Mix the urad daal and the rava together. Add salt to taste and mix well. Leave in a warm place to ferment overnight.
Next morning, pour the fermented idli batter in the baskets and steam in a cooker or pedavan (traditional idli steamer) for 20-25 minutes.
Serve hot with coconut oil and hing chutney.
- My daughter loves to eat this with ghee (clarified butter) and chutney. Purists would eat this with coconut oil!
- You can test if the khottos are done using a skewer or a toothpick. The end of the toothpick should come out clean when the khottos are cooked.
- If you don’t have enough baskets, you can recycle them for next batch of khottos. Let the khottos cool for a little while after removing them from the steamer. Gently press the edges of the basket and ease the khotto out taking care to see that the basket is not ripped.
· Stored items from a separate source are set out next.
definition sup_dist :: "nat \<Rightarrow> nat \<Rightarrow> (nat \<Rightarrow> nat \<Rightarrow> real) \<Rightarrow> (nat \<Rightarrow> nat \<Rightarrow> real) \<Rightarrow> real" where
  "sup_dist n1 n2 A B = (MAX (i, j) \<in> {..<n1} \<times> {..<n2}. \<bar>A i j - B i j\<bar>)"

definition covering_number :: "real \<Rightarrow> 'a set \<Rightarrow> ('a \<Rightarrow> 'a \<Rightarrow> real) \<Rightarrow> nat" where
  "covering_number eps C d =
     (LEAST k. \<exists>T. finite T \<and> T \<subseteq> C \<and> card T = k \<and> (\<forall>x\<in>C. \<exists>t\<in>T. d x t \<le> eps))"

end

theory Submission
  imports Defs
begin

text \<open>
  Up to permutations of rows and columns, which cost a factor \<open>n1! n2!\<close>, it suffices to cover the
  bi-isotonic matrices. In the sup-norm they are pinned down to within \<open>e\<close> either by quantizing
  every entry to a grid of mesh \<open>e\<close>, or, since columns are monotone, by recording for every
  grid level and every column how many entries lie below that level; the Frobenius bounds with a
  single logarithm follow by taking \<open>e = eps / sqrt (n1 * n2)\<close>. For the bound
  \<open>n1 n2 / eps\<^sup>2 * log\<^sup>2\<close>, the columns are stretched to turn the matrix into a bi-isotonic
  square of side \<open>2^K\<close>, which is coded at the dyadic levels \<open>l \<le> m\<close>: a block of level \<open>l\<close> is
  split when its oscillation exceeds \<open>2^(l - m)\<close>. By monotonicity the oscillations at one level
  sum to at most \<open>2 * 2^l\<close>, so only \<open>O(2^m)\<close> blocks are split per level, and recording them
  together with the quantized corner values of their children costs \<open>O(2^m)\<close> bits per level.
  For large \<open>eps\<close> the constant matrix \<open>1/2\<close> alone is a cover.
\<close>

section \<open>Covering numbers\<close>

definition covers :: "real \<Rightarrow> 'a set \<Rightarrow> ('a \<Rightarrow> 'a \<Rightarrow> real) \<Rightarrow> 'a set \<Rightarrow> bool" where
  "covers eps C d T \<longleftrightarrow> finite T \<and> T \<subseteq> C \<and> (\<forall>x\<in>C. \<exists>t\<in>T. d x t \<le> eps)"

lemma covering_number_le_card: "covers eps C d T \<Longrightarrow> covering_number eps C d \<le> card T"
  unfolding covering_number_def covers_def by (rule Least_le) blast

lemma covering_number_attained:
  assumes "covers eps C d T"
  obtains T' where "covers eps C d T'" "card T' = covering_number eps C d"
proof -
  have "\<exists>T'. finite T' \<and> T' \<subseteq> C \<and> card T' = covering_number eps C d \<and> (\<forall>x\<in>C. \<exists>t\<in>T'. d x t \<le> eps)"
    unfolding covering_number_def
    by (rule LeastI[of _ "card T"]) (use assms in \<open>auto simp: covers_def\<close>)
  with that show ?thesis unfolding covers_def by blast
qed

lemma covering_number_pos:
  assumes "covers eps C d T" "C \<noteq> {}"
  shows "0 < covering_number eps C d"
proof -
  obtain T' where T': "covers eps C d T'" "card T' = covering_number eps C d"
    using covering_number_attained[OF assms(1)] .
  then have "T' \<noteq> {}" "finite T'"
    using assms(2) unfolding covers_def by auto
  with T'(2) show ?thesis by auto
qed

lemma covers_of_code:
  assumes "finite S" "E ` C \<subseteq> S" "\<And>x y. x \<in> C \<Longrightarrow> y \<in> C \<Longrightarrow> E x = E y \<Longrightarrow> d x y \<le> eps"
  shows "covers eps C d (inv_into C E ` E ` C)" "card (inv_into C E ` E ` C) \<le> card S"
proof -
  have fin: "finite (E ` C)"
    using assms(1,2) finite_subset by blast
  have "d x (inv_into C E (E x)) \<le> eps" if "x \<in> C" for x
    using that by (intro assms(3)) (auto simp: inv_into_into f_inv_into_f)
  then show "covers eps C d (inv_into C E ` E ` C)"
    using fin by (auto simp: covers_def inv_into_into)
  have "card (inv_into C E ` E ` C) \<le> card (E ` C)"
    by (rule card_image_le[OF fin])
  also have "\<dots> \<le> card S"
    by (rule card_mono[OF assms(1,2)])
  finally show "card (inv_into C E ` E ` C) \<le> card S" .
qed

lemma ln_covering_number_le_code:
  assumes "finite S" "E ` C \<subseteq> S" "\<And>x y. x \<in> C \<Longrightarrow> y \<in> C \<Longrightarrow> E x = E y \<Longrightarrow> d x y \<le> eps"
    and "C \<noteq> {}"
  shows "ln (real (covering_number eps C d)) \<le> ln (real (card S))"
proof -
  obtain T where T: "covers eps C d T" "card T \<le> card S"
    using covers_of_code[OF assms(1,2)] assms(3) by blast
  have "covering_number eps C d \<le> card S"
    using covering_number_le_card[OF T(1)] T(2) by linarith
  with covering_number_pos[OF T(1) assms(4)] show ?thesis
    by simp
qed

lemma ln_covering_number_eq_0:
  assumes "t \<in> C" "\<And>x. x \<in> C \<Longrightarrow> d x t \<le> eps"
  shows "ln (real (covering_number eps C d)) = 0"
proof -
  have cov: "covers eps C d {t}"
    using assms unfolding covers_def by blast
  have "covering_number eps C d = 1"
    using covering_number_le_card[OF cov] covering_number_pos[OF cov] assms(1) by fastforce
  then show ?thesis by simp
qed

section \<open>Bi-isotonic matrices and their permutations\<close>

lemma
  assumes "M \<in> BISO n1 n2"
  shows BISO_bounds: "\<And>i j. i < n1 \<Longrightarrow> j < n2 \<Longrightarrow> 0 \<le> M i j \<and> M i j \<le> 1"
    and BISO_mono_row_index: "\<And>i i' j. i \<le> i' \<Longrightarrow> i' < n1 \<Longrightarrow> j < n2 \<Longrightarrow> M i j \<le> M i' j"
    and BISO_mono_col_index: "\<And>i j j'. i < n1 \<Longrightarrow> j \<le> j' \<Longrightarrow> j' < n2 \<Longrightarrow> M i j \<le> M i j'"
  using assms unfolding BISO_def by blast+

lemma BISO_subset_Perm_rc: "BISO n1 n2 \<subseteq> Perm_rc n1 n2"
proof
  fix M assume "M \<in> BISO n1 n2"
  then have "perm_mat M id id \<in> Perm_rc n1 n2"
    unfolding Perm_rc_def by (blast intro: permutes_id)
  then show "M \<in> Perm_rc n1 n2"
    by (simp add: perm_mat_def)
qed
You can then refill the baskets and steam the next batch.
- The leaves when plucked from the tree exude a milky sap that is very sticky. We used to apply coconut oil to our palms to get rid of the sticky sap.
SugandhiFebruary 8, 2014 at 4:52 pm
Great demo on how to make the khotte basket. For Krishnastami we had khotte with gajbaje curry. My uncle liked his with hinga uddak ( green chillies, salt crushed and soaked in hing water) and cocnut oil. Brings back child hood memories. Thanks for the beautiful write up Aparna.
AparnaFebruary 8, 2014 at 9:58 pm
Thanks Aunty, this post wouldn’t have been possible without you, after all, the main ingredient “khotte paan” came from you! Thank you for sending us that!